His daughter-in-law is beautiful, kind “and very, very sharp” — in a word, “awesome,” Frank said. “David got very lucky in that respect. She has made him a better man.”
And Jessica’s family: “Exceptional people. As a family unit, I don’t think you can find better. They raised their children beautifully.” The Joneses and the Figaris have gathered as one sprawling extended family for Super Bowl watching and brunches out, the grandparents doting on Liliana.
“I really do pray that my granddaughter doesn’t experience racism,” Frank said.
The Figaris at home this month.
Jessica said of her daughter, "I would hope that she lives in a world of love and acceptance in her future."
David said he wants Liliana "to know that she’s loved and that she’s safe." (Photos by Eve Edelheit for The Washington Post)
TOP: The Figaris at home this month. BOTTOM LEFT: Jessica said of her daughter, "I would hope that she lives in a world of love and acceptance in her future." BOTTOM RIGHT: David said he wants Liliana "to know that she’s loved and that she’s safe." (Photos by Eve Edelheit for The Washington Post)
‘A world of love’
Just as David had a dream of marrying Jessica, the couple have a dream for Liliana’s life, too. As the little girl shifted between them babbling at the dining-room table on a recent afternoon, they took turns describing it out loud.

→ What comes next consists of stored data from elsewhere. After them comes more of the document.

lemma ideal_pow_generated_by_monoms_coprime_to:
  assumes "monomial_ideal I" and "\<forall>u \<in> min_mon_gens I. gcd_one (monom a) u"
  shows "\<exists>G \<subseteq> monoms_coprime_to a. ideal_pow I m = ideal_gen G"
proof -
  obtain S where S: "I = ideal_gen S" "S \<subseteq> monoms_coprime_to a"
    using monomial_ideal_eq_ideal_gen_min_mon_gens[OF assms(1)]
      min_mon_gens_subset_monoms_coprime_to[OF assms(2)] by blast
  show ?thesis
  proof (induction m)
    case 0
    show ?case
      using one_mem_monoms_coprime_to by (intro exI[of _ "{1}"]) (simp add: ideal_gen_one)
  next
    case (Suc m)
    then obtain G where G: "G \<subseteq> monoms_coprime_to a" "ideal_pow I m = ideal_gen G"
      by blast
    have "ideal_pow I (Suc m) = ideal_gen {x * y | x y. x \<in> ideal_gen S \<and> y \<in> ideal_gen G}"
      by (simp only: ideal_pow.simps(2) G(2) flip: S(1))
    also have "\<dots> = ideal_gen {s * t | s t. s \<in> S \<and> t \<in> G}"
      by (rule ideal_gen_mult_ideal_gen)
    finally have "ideal_pow I (Suc m) = ideal_gen {s * t | s t. s \<in> S \<and> t \<in> G}" .
    moreover have "{s * t | s t. s \<in> S \<and> t \<in> G} \<subseteq> monoms_coprime_to a"
      using S(2) G(1) mult_mem_monoms_coprime_to by blast
    ultimately show ?case
      by blast
  qed
qed

text \<open>Since \<open>div_monom a\<close> commutes with multiplication by monomials coprime to \<open>x\<^sup>a\<close>,
the polynomials all of whose multiples stay in \<open>J\<close> after division by \<open>x\<^sup>a\<close> form an ideal
containing the generators of \<open>J\<close>.\<close>

lemma monom_mult_mem_ideal_gen_imp_mem:
  fixes G :: "('v, 'k::comm_ring_1) mpoly set"
  assumes G: "G \<subseteq> monoms_coprime_to a" and "monom a * f \<in> ideal_gen G"
  shows "f \<in> ideal_gen G"
proof -
  let ?J = "ideal_gen G"
  let ?T = "{F. \<forall>r. div_monom a (r * F) \<in> ?J}"
  have J: "is_ideal ?J"
    by (rule is_ideal_ideal_gen)
  have "is_ideal ?T"
    unfolding is_ideal_def
    using is_ideal_zero[OF J] is_ideal_add[OF J]
    by (auto simp: distrib_left div_monom_add mult.assoc[symmetric])
  moreover have "G \<subseteq> ?T"
  proof
    fix g assume "g \<in> G"
    then obtain b where g: "g = monom b" and disjoint: "Poly_Mapping.keys a \<inter> Poly_Mapping.keys b = {}"
      using G unfolding monoms_coprime_to_def by blast
    have "g \<in> ?J"
      using \<open>g \<in> G\<close> ideal_gen_subset by blast
    have "div_monom a (r * g) \<in> ?J" for r
      using is_ideal_mult_left[OF J \<open>g \<in> ?J\<close>, of "div_monom a r"]
      unfolding g div_monom_mult_monom[OF disjoint] .
    then show "g \<in> ?T"
      by blast
  qed
  ultimately have "?J \<subseteq> ?T"
    by (rule ideal_gen_least)
  then have "div_monom a (1 * (monom a * f)) \<in> ?J"
    using assms(2) by blast
  then show ?thesis
    by simp
qed

lemma monom_mult_mem_ideal_pow_imp_mem:
  assumes "monomial_ideal I" and "\<forall>u \<in> min_mon_gens I. gcd_one (monom a) u"
    and "monom a * f \<in> ideal_pow I m"
  shows "f \<in> ideal_pow I m"
  using ideal_pow_generated_by_monoms_coprime_to[OF assms(1,2)] monom_mult_mem_ideal_gen_imp_mem assms(3)
  by metis

lemma Ass_ideal_pow_image_mult_monom:
  fixes I :: "('v, 'k::comm_ring_1) mpoly set"
  assumes I: "monomial_ideal I" and coprime: "\<forall>u \<in> min_mon_gens I. gcd_one (monom a) u"
    and "I \<noteq> {0}" and "0 < m"
  shows "Ass (ideal_pow ((*) (monom a) ` I) m) = Ass (ideal_pow I m) \<union> Ass {x. monom a dvd x}"
proof -
  obtain v where v: "v \<in> min_mon_gens I"
    using min_mon_gens_nonempty[OF I \<open>I \<noteq> {0}\<close>] by blast
  then have "v \<in> monoms_coprime_to a"
    using min_mon_gens_subset_monoms_coprime_to[OF coprime] by blast
  then have "\<forall>y. monom a dvd v * y \<longrightarrow> monom a dvd y"
    unfolding monoms_coprime_to_def using monom_dvd_monom_mult_disjoint by blast
  then have "\<forall>y. monom a dvd v ^ m * y \<longrightarrow> monom a dvd y"
    using dvd_power_mult_imp_dvd by blast
  moreover have "v ^ m \<in> ideal_pow I m"
    using v power_mem_ideal_pow unfolding min_mon_gens_def by blast
  moreover have "\<forall>f. monom a * f \<in> ideal_pow I m \<longrightarrow> f \<in> ideal_pow I m"
    using monom_mult_mem_ideal_pow_imp_mem[OF I coprime] by blast
  ultimately show ?thesis
    unfolding ideal_pow_image_mult
    using Ass_image_mult_power[OF is_ideal_ideal_pow inj_monom_mult] \<open>0 < m\<close> by blast
qed

theorem proposition4p10:
  fixes I :: "('v::finite, 'k::field) mpoly set"
    and h :: "('v, 'k) mpoly"
  assumes "monomial_ideal I"
    and "is_monomial h"
    and "\<forall>u \<in> min_mon_gens I. gcd_one h u"
  shows "nearly_copersistent I \<longleftrightarrow> nearly_copersistent ((\<lambda>f. h * f) ` I)"
proof (cases "I = {0}")
  case True
  then show ?thesis
    by simp
next
  case False
  obtain a where h: "h = monom a"
    using assms(2) unfolding is_monomial_def by blast
  have coprime: "\<forall>u \<in> min_mon_gens I. gcd_one (monom a) u"
    using assms(3) h by simp
  have "Ass (ideal_pow ((*) h ` I) m) = Ass (ideal_pow I m) \<union> Ass {x. h dvd x}" if "m \<ge> 1" for m
    using Ass_ideal_pow_image_mult_monom[OF assms(1) coprime False] that h by simp
  moreover have "Ass (ideal_pow I m) \<inter> Ass {x. h dvd x} = {}" for m
    using Ass_Int_Ass_principal_eq_empty monom_mult_mem_ideal_pow_imp_mem[OF assms(1) coprime] h by blast
  ultimately show ?thesis
    unfolding nearly_copersistent_iff_nearly_decreasing by (rule nearly_decreasing_Un_disjoint)
qed

end
(* Let $K$ be a field and $m,n,r$ positive integers. Let $R=K[x_{ij}^k \mid 1\le i\le m,\ 1\le j\le n,\ 1\le k\le r]$ and let $I_{mn}^r$ be the ideal generated by all $2$-minors of the horizontal and of the vertical concatenation of the $m\times n$ matrices $X_k=(x_{ij}^k)$, $k=1,\dots,r$. Let $P_{mnr}$ be the poset which is the disjoint union of three pairwise incomparable chains of cardinalities $m-1$, $n-1$, $r-1$, with a natural labeling $P_{mnr}=\{p_1,\dots,p_{N}\}$, $N=m+n+r-3$ (i.e. $p_i\prec p_j$ implies $i<j$). Then the $h$-polynomial of $R/I_{mn}^r$ equals $\sum_{w\in\mathcal L(P_{mnr})}t^{\operatorname{des}(w)}$.
   Context: $\mathcal L(P)$ is the set of linear extensions of $P$, i.e. bijections $w:P\to\{1,\dots,|P|\}$ with $p\preceq q\Rightarrow w(p)\le w(q)$. A descent of $w$ is an index $i$ such that $w(p_j)=i$ and $w(p_k)=i+1$ with $j>k$; $\operatorname{des}(w)$ is the number of descents. The $h$-polynomial of a standard graded algebra $A$ is the numerator of its Hilbert series written in reduced form $h(t)/(1-t)^{\dim A}$. *)

theory Defs
  imports Main "HOL-Library.Poly_Mapping" "HOL-Computational_Algebra.Polynomial_FPS"
begin

text \<open>Variables are indexed by triples (i,j,k), standing for x_{ij}^k.\<close>

type_synonym 'a mpoly3 = "((nat \<times> nat \<times> nat) \<Rightarrow>\<^sub>0 nat) \<Rightarrow>\<^sub>0 'a"
section \<open>Interpolating a sequence of states\<close>

text \<open>The interpolated system takes the value st k at the abscissa time k = st k 1 + st k 2 + st k 3,
  only component mover k moves on [time k, time (Suc k)], and merge is condition (3) of a 3-system.\<close>

locale step_system =
  fixes st :: "nat \<Rightarrow> nat \<Rightarrow> real" and mover :: "nat \<Rightarrow> nat"
  assumes mover_range: "mover k \<in> {1,2,3}"
    and frozen: "j \<in> {1,2,3} \<Longrightarrow> j \<noteq> mover k \<Longrightarrow> st (Suc k) j = st k j"
    and moves: "st k (mover k) < st (Suc k) (mover k)"
    and ordered: "0 \<le> st k 1 \<and> st k 1 \<le> st k 2 \<and> st k 2 \<le> st k 3"
    and top_at_top: "filterlim (\<lambda>k. st k 3) at_top sequentially"
    and merge: "mover k < mover (Suc k) \<Longrightarrow> mover k \<le> j \<Longrightarrow> j \<le> mover (Suc k) \<Longrightarrow>
                st (Suc k) j = st (Suc k) (mover k)"
begin

definition time :: "nat \<Rightarrow> real" where
  "time k = st k 1 + st k 2 + st k 3"

definition segment :: "real \<Rightarrow> nat" where
  "segment q = (LEAST k. q < time (Suc k))"

definition interp :: "nat \<Rightarrow> real \<Rightarrow> real" where
  "interp j q = st (segment q) j + (if j = mover (segment q) then q - time (segment q) else 0)"

lemma st_Suc:
  assumes "j \<in> {1,2,3}"
  shows "st (Suc k) j = st k j + (if j = mover k then time (Suc k) - time k else 0)"
proof -
  have "mover k = 1 \<or> mover k = 2 \<or> mover k = 3" using mover_range[of k] by auto
  then show ?thesis
    using assms frozen[of _ k] unfolding time_def by (elim disjE) auto
qed

lemma time_less_Suc: "time k < time (Suc k)"
  using st_Suc[OF mover_range, of k] moves[of k] by simp

lemma strict_mono_time: "strict_mono time"
  using time_less_Suc by (simp add: strict_mono_Suc_iff)

lemma time_at_top: "filterlim time at_top sequentially"
proof (rule filterlim_at_top_mono[OF top_at_top])
  have "st k 3 \<le> time k" for k
    using ordered[of k] unfolding time_def by linarith
  then show "eventually (\<lambda>k. st k 3 \<le> time k) sequentially" by simp
qed

lemma segment_eq:
  assumes "time k \<le> q" "q < time (Suc k)"
  shows "segment q = k"
  unfolding segment_def
proof (rule Least_equality)
  fix m assume "q < time (Suc m)"
  with assms(1) have "time k < time (Suc m)" by linarith
  then show "k \<le> m" using strict_mono_less[OF strict_mono_time] by simp
qed fact

lemma segment_bounds:
  assumes "time 0 \<le> q"
  shows "time (segment q) \<le> q" "q < time (Suc (segment q))"
proof -
  obtain m where "q < time m"
    using time_at_top by (auto simp: filterlim_at_top_dense eventually_sequentially)
  then have "q < time (Suc m)" using time_less_Suc[of m] by linarith
  then show "q < time (Suc (segment q))"
    unfolding segment_def by (rule LeastI)
  show "time (segment q) \<le> q"
  proof (cases "segment q")
    case (Suc m)
    have "\<not> q < time (Suc m)"
      using Suc Least_le[of "\<lambda>k. q < time (Suc k)" m] unfolding segment_def by auto
    then show ?thesis using Suc by simp
  qed (use assms in simp)
qed

lemma le_segment:
  assumes "time 0 \<le> q" "time k \<le> q"
  shows "k \<le> segment q"
proof (rule ccontr)
  assume "\<not> k \<le> segment q"
  then have "time (Suc (segment q)) \<le> time k"
    using strict_mono_less_eq[OF strict_mono_time] by simp
  then show False using segment_bounds(2)[OF assms(1)] assms(2) by simp
qed

lemma interp_segment:
  assumes "time k \<le> q" "q \<le> time (Suc k)" "j \<in> {1,2,3}"
  shows "interp j q = st k j + (if j = mover k then q - time k else 0)"
proof (cases "q < time (Suc k)")
  case True
  then show ?thesis using segment_eq[OF assms(1)] by (simp add: interp_def)
next
  case False
  then have "q = time (Suc k)" using assms(2) by simp
  moreover have "segment q = Suc k"
    using calculation time_less_Suc[of "Suc k"] by (intro segment_eq) auto
  ultimately show ?thesis using st_Suc[OF assms(3), of k] by (simp add: interp_def)
qed

lemma interp_time: "j \<in> {1,2,3} \<Longrightarrow> interp j (time k) = st k j"
  using interp_segment[of k "time k" j] time_less_Suc[of k] by simp

lemma interp_bounds:
  assumes "time k \<le> q" "q \<le> time (Suc k)" "j \<in> {1,2,3}"
  shows "st k j \<le> interp j q" "interp j q \<le> st (Suc k) j"
    and "j \<noteq> mover k \<Longrightarrow> interp j q = st k j"
  using interp_segment[OF assms] st_Suc[OF assms(3), of k] assms(1,2) by auto

lemma interp_ordered:
  assumes "time 0 \<le> q"
  shows "0 \<le> interp 1 q \<and> interp 1 q \<le> interp 2 q \<and> interp 2 q \<le> interp 3 q \<and>
         interp 1 q + interp 2 q + interp 3 q = q"
proof -
  define k where "k = segment q"
  have q: "time k \<le> q" "q \<le> time (Suc k)"
    using segment_bounds[OF assms] by (auto simp: k_def)
  note bounds = interp_bounds[OF q]
  have sum: "interp 1 q + interp 2 q + interp 3 q = q"
    using interp_segment[OF q] mover_range[of k] by (auto simp: time_def)
  have indices: "(1::nat) \<in> {1,2,3}" "(2::nat) \<in> {1,2,3}" "(3::nat) \<in> {1,2,3}" by simp_all
  note facts = sum bounds(1,2)[OF indices(1)] bounds(1,2)[OF indices(2)] bounds(1,2)[OF indices(3)]
    ordered[of k] ordered[of "Suc k"]
  consider "mover k = 1" | "mover k = 2" | "mover k = 3"
    using mover_range[of k] by auto
  then show ?thesis
  proof cases
    case 1
    then have "interp 2 q = st k 2" "st (Suc k) 2 = st k 2"
      using bounds(3)[of 2] frozen[of 2 k] by auto
    then show ?thesis using facts by linarith
  next
    case 2
    then have "interp 1 q = st k 1" "interp 3 q = st k 3" "st (Suc k) 3 = st k 3"
      using bounds(3)[of 1] bounds(3)[of 3] frozen[of 3 k] by auto
    then show ?thesis using facts by linarith
  next
    case 3
    then have "interp 2 q = st k 2" "st (Suc k) 2 = st k 2"
      using bounds(3)[of 2] frozen[of 2 k] by auto
    then show ?thesis using facts by linarith
  qed
qed

theorem three_system_interp: "three_system (time 0) (interp 1) (interp 2) (interp 3)"
proof -
  have comp: "sys_comp (interp 1) (interp 2) (interp 3) j = interp j" if "j \<in> {1,2,3}" for j
    using that unfolding sys_comp_def by auto
  have merge_interp: "sys_comp (interp 1) (interp 2) (interp 3) j (time (Suc k))
      = sys_comp (interp 1) (interp 2) (interp 3) (mover k) (time (Suc k))"
    if "mover k < mover (Suc k)" "mover k \<le> j" "j \<le> mover (Suc k)" for k j
  proof -
    have "j \<in> {1,2,3}" using that mover_range[of k] mover_range[of "Suc k"] by auto
    then show ?thesis
      using merge[OF that] comp mover_range[of k] interp_time by simp
  qed
  have segments: "\<forall>k. mover k \<in> {1,2,3} \<and> (\<forall>q. time k \<le> q \<and> q \<le> time (Suc k) \<longrightarrow>
      (\<forall>j\<in>{1,2,3}. sys_comp (interp 1) (interp 2) (interp 3) j q =
         sys_comp (interp 1) (interp 2) (interp 3) j (time k) + (if j = mover k then q - time k else 0)))"
  proof (intro allI conjI impI ballI)
    fix k q j assume "time k \<le> q \<and> q \<le> time (Suc k)" and j: "j \<in> {1::nat,2,3}"
    then show "sys_comp (interp 1) (interp 2) (interp 3) j q =
        sys_comp (interp 1) (interp 2) (interp 3) j (time k) + (if j = mover k then q - time k else 0)"
      unfolding comp[OF j] interp_time[OF j] using interp_segment by blast
  qed (rule mover_range)
  show ?thesis
    unfolding three_system_def
    using interp_ordered strict_mono_time time_at_top segments merge_interp
    by (intro conjI exI[of _ time] exI[of _ mover]) blast+
qed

Jessica: “I think what I want for Liliana is for her to live in a world full of friends, full of love — not have to worry about who doesn’t like me or who doesn’t want to be friends based on how she looks. I would hope that she lives in a world of love and acceptance in her future.
“I still want her to be twice as good as everyone else, but just for the sake of being twice as good.”
David: “I want her to be brought up with the same kind of family values and to know that she’s loved and that she’s safe. … I don’t want to have to have a talk with her: ‘If the police come. Make sure you do this.’ If we didn’t have to have that talk, that’s a world that I would want for her.”
When he and Jessica cast their ballots in the presidential election, they will be voting to create that kind of life for Liliana — and that kind of country for themselves.
“Otherwise,” David asked, “what is the point of going to a march?”